═════ Material supplied ═════
text \<open>Every vertex of the sphere of radius k+1 has a neighbour in the sphere of radius k,
  so it has at most \<open>\<Delta> - 1\<close> neighbours in the sphere of radius k+2.\<close>

lemma card_gsphere_Suc_le:
  assumes conn: "connected_graph V E" and u: "u \<in> V"
  shows "card (gsphere V E u (Suc k)) \<le> max_degree V E * (max_degree V E - 1) ^ k"
proof (induction k)
  case 0
  have "gsphere V E u (Suc 0) \<subseteq> {v \<in> V. E u v}"
  proof
    fix v assume v: "v \<in> gsphere V E u (Suc 0)"
    then obtain w where "w \<in> V" "E w v" "gdist V E u w = 0"
      using gdist_Suc_predecessor[OF conn u] unfolding gsphere_def by blast
    then show "v \<in> {v \<in> V. E u v}" using v gdist_eq_0_imp_eq[OF conn u] unfolding gsphere_def by auto
  qed
  then have "card (gsphere V E u (Suc 0)) \<le> card {v \<in> V. E u v}"
    by (rule card_mono[rotated]) (simp add: connected_graph_finite[OF conn])
  then show ?case using card_neighbours_le_max_degree[OF conn u] by simp
next
  case (Suc k)
  let ?S = "gsphere V E u" and ?\<Delta> = "max_degree V E"
  define N where "N w = {v \<in> V. E w v}" for w
  have cover: "?S (Suc (Suc k)) \<subseteq> (\<Union>w\<in>?S (Suc k). N w \<inter> ?S (Suc (Suc k)))"
  proof
    fix v assume v: "v \<in> ?S (Suc (Suc k))"
    then obtain w where "w \<in> V" "E w v" "gdist V E u w = Suc k"
      using gdist_Suc_predecessor[OF conn u] unfolding gsphere_def by blast
    then show "v \<in> (\<Union>w\<in>?S (Suc k). N w \<inter> ?S (Suc (Suc k)))"
      using v unfolding gsphere_def N_def by auto
  qed
  have branching: "card (N w \<inter> ?S (Suc (Suc k))) \<le> ?\<Delta> - 1" if w: "w \<in> ?S (Suc k)" for w
  proof -
    have wV: "w \<in> V" using w unfolding gsphere_def by simp
    obtain z where z: "z \<in> V" "E z w" "gdist V E u z = k"
      using gdist_Suc_predecessor[OF conn u wV] w unfolding gsphere_def by auto
    have "N w \<inter> ?S (Suc (Suc k)) \<subseteq> N w - {z}" using z unfolding gsphere_def by auto
    then have "card (N w \<inter> ?S (Suc (Suc k))) \<le> card (N w - {z})"
      by (rule card_mono[rotated]) (simp add: connected_graph_finite[OF conn] N_def)
    also have "\<dots> = card (N w) - 1"
      using z connected_graph_edge_sym[OF conn z(2)] unfolding N_def by simp
    also have "\<dots> \<le> ?\<Delta> - 1" using card_neighbours_le_max_degree[OF conn wV] unfolding N_def by simp
    finally show ?thesis .
  qed
  have "card (?S (Suc (Suc k))) \<le> card (\<Union>w\<in>?S (Suc k). N w \<inter> ?S (Suc (Suc k)))"
    by (rule card_mono[OF _ cover]) (simp add: finite_gsphere[OF conn])
  also have "\<dots> \<le> (\<Sum>w\<in>?S (Suc k). card (N w \<inter> ?S (Suc (Suc k))))"
    by (rule card_UN_le[OF finite_gsphere[OF conn]])
  also have "\<dots> \<le> card (?S (Suc k)) * (?\<Delta> - 1)"
    using sum_mono[of "?S (Suc k)", OF branching] by simp
  also have "\<dots> \<le> ?\<Delta> * (?\<Delta> - 1) ^ k * (?\<Delta> - 1)"
    using Suc.IH by (rule mult_right_mono) simp
  finally show ?case by (simp add: mult_ac)
qed
lemma contr_map_eq_iff_graph_conn:
  assumes comps: "set Bs = components n E" and a: "a \<in> {1..n}" and b: "b \<in> {1..n}"
  shows "contr_map Bs a = contr_map Bs b \<longleftrightarrow> (a, b) \<in> graph_conn E"
proof -
  obtain i where i: "i < length Bs" "a \<in> Bs ! i" using a by (rule ex_block)
  have "Bs ! i \<in> components n E" using nth_mem[OF i(1)] unfolding comps .
  then have block: "Bs ! i = {b \<in> {1..n}. (a, b) \<in> graph_conn E}" using i(2) by (rule component_eq)
  have "contr_map Bs a = contr_map Bs b \<longleftrightarrow> contr_map Bs b = contr_map Bs a" by (rule eq_commute)
  also have "\<dots> \<longleftrightarrow> b \<in> Bs ! i" by (rule contr_map_eq_iff[OF i b])
  also have "\<dots> \<longleftrightarrow> (a, b) \<in> graph_conn E" using b unfolding block by simp
  finally show ?thesis .
qed

lemma ex_pullback_contr_map_iff:
  assumes comps: "set Bs = components n E" and edges: "\<forall>e\<in>#E. set_uprod e \<subseteq> {1..n}"
    and w: "length w = n"
  shows "(\<exists>u. length u = length Bs \<and> pullback (contr_map Bs) n u = w) \<longleftrightarrow> monochromatic E w"
proof -
  have "(\<exists>u. length u = length Bs \<and> pullback (contr_map Bs) n u = w) \<longleftrightarrow>
      (\<forall>a\<in>{1..n}. \<forall>b\<in>{1..n}. (a, b) \<in> graph_conn E \<longrightarrow> w ! (a - 1) = w ! (b - 1))"
    using ex_pullback_iff[OF contr_map_surj w] contr_map_eq_iff_graph_conn[OF comps] by auto
  also have "\<dots> \<longleftrightarrow> monochromatic E w"
  proof
    assume "\<forall>a\<in>{1..n}. \<forall>b\<in>{1..n}. (a, b) \<in> graph_conn E \<longrightarrow> w ! (a - 1) = w ! (b - 1)"
    moreover have "a \<in> {1..n} \<and> b \<in> {1..n}" if "Upair a b \<in># E" for a b
      using edges that by fastforce
    ultimately show "monochromatic E w"
      unfolding monochromatic_def using graph_conn_edge by blast
  qed (use monochromatic_graph_conn in blast)
  finally show ?thesis .
qed

end

lemma induce_chrom_nc_contract:
  assumes P: "is_plurigraph n P" and E: "E \<in># P" and ready: "contraction_ready_comp n E Bs k"
  shows "induce (length Bs) (map (\<lambda>B. card B - 1) (take k Bs))
           (chrom_nc (length Bs) (contract Bs P E)) w =
         (if proper_coloring n (P - {#E#}) w \<and> monochromatic E w then 1 else (0 :: 'k::field_char_0))"
proof -
  interpret ordered_blocks n Bs by (rule contraction_ready_comp_ordered_blocks[OF ready])
  let ?\<phi> = "contr_map Bs" and ?rs = "map (\<lambda>B. card B - 1) (take k Bs)"
  have comps: "set Bs = components n E" and k: "k \<le> length Bs"
    and singletons: "\<And>i. k \<le> i \<Longrightarrow> i < length Bs \<Longrightarrow> card (Bs ! i) = 1"
    using ready unfolding contraction_ready_comp_def by blast+
  have edges: "\<forall>e\<in>#E. set_uprod e \<subseteq> {1..n}" and Q: "is_plurigraph n (P - {#E#})"
    using P E unfolding is_plurigraph_def by (auto dest: in_diffD)
  have fibre: "{u. length u = length Bs \<and> set u \<subseteq> set w \<and> induce_word ?rs u = w} =
        {u. length u = length Bs \<and> pullback ?\<phi> n u = w}"
    using induce_word_contr_map[OF k singletons] set_pullback[OF contr_map_surj] by auto
  have "induce (length Bs) ?rs (chrom_nc (length Bs) (contract Bs P E)) w =
      (if proper_coloring n (P - {#E#}) w \<and> (\<exists>u. length u = length Bs \<and> pullback ?\<phi> n u = w)
       then 1 else (0 :: 'k))"
    unfolding induce_def contract_def fibre by (rule sum_chrom_nc_pullback[OF Q contr_map_surj])
  also have "\<dots> = (if proper_coloring n (P - {#E#}) w \<and> monochromatic E w then 1 else 0)"
    using ex_pullback_contr_map_iff[OF comps edges] unfolding proper_coloring_def by auto
  finally show ?thesis .
qed

theorem theorem2p4:
  fixes n :: nat and P :: plurigraph_edges and E :: graph_edges
    and Bs :: "nat set list" and k :: nat
  assumes "is_plurigraph n P"
    and "E \<in># P"
    and "contraction_ready_comp n E Bs k"
  shows "(chrom_nc n P :: 'k::field_char_0 ncseries) =
           (\<lambda>w. chrom_nc n (P - {#E#}) w
                - induce (length Bs) (map (\<lambda>B. card B - 1) (take k Bs))
                    (chrom_nc (length Bs) (contract Bs P E)) w)"
proof
  fix w
  show "(chrom_nc n P w :: 'k) = chrom_nc n (P - {#E#}) w
      - induce (length Bs) (map (\<lambda>B. card B - 1) (take k Bs))
          (chrom_nc (length Bs) (contract Bs P E)) w"
    unfolding chrom_nc_delete[OF assms(2)] induce_chrom_nc_contract[OF assms] ..
qed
═════
[Task item] Every line above that includes the word "assumes" must appear in the answer.

[Solved problem]
  assumes conn: "connected_graph V E" and u: "u \<in> V"
  assumes comps: "set Bs = components n E" and a: "a \<in> {1..n}" and b: "b \<in> {1..n}"
  assumes comps: "set Bs = components n E" and edges: "\<forall>e\<in>#E. set_uprod e \<subseteq> {1..n}"
  assumes P: "is_plurigraph n P" and E: "E \<in># P" and ready: "contraction_ready_comp n E Bs k"
  assumes "is_plurigraph n P"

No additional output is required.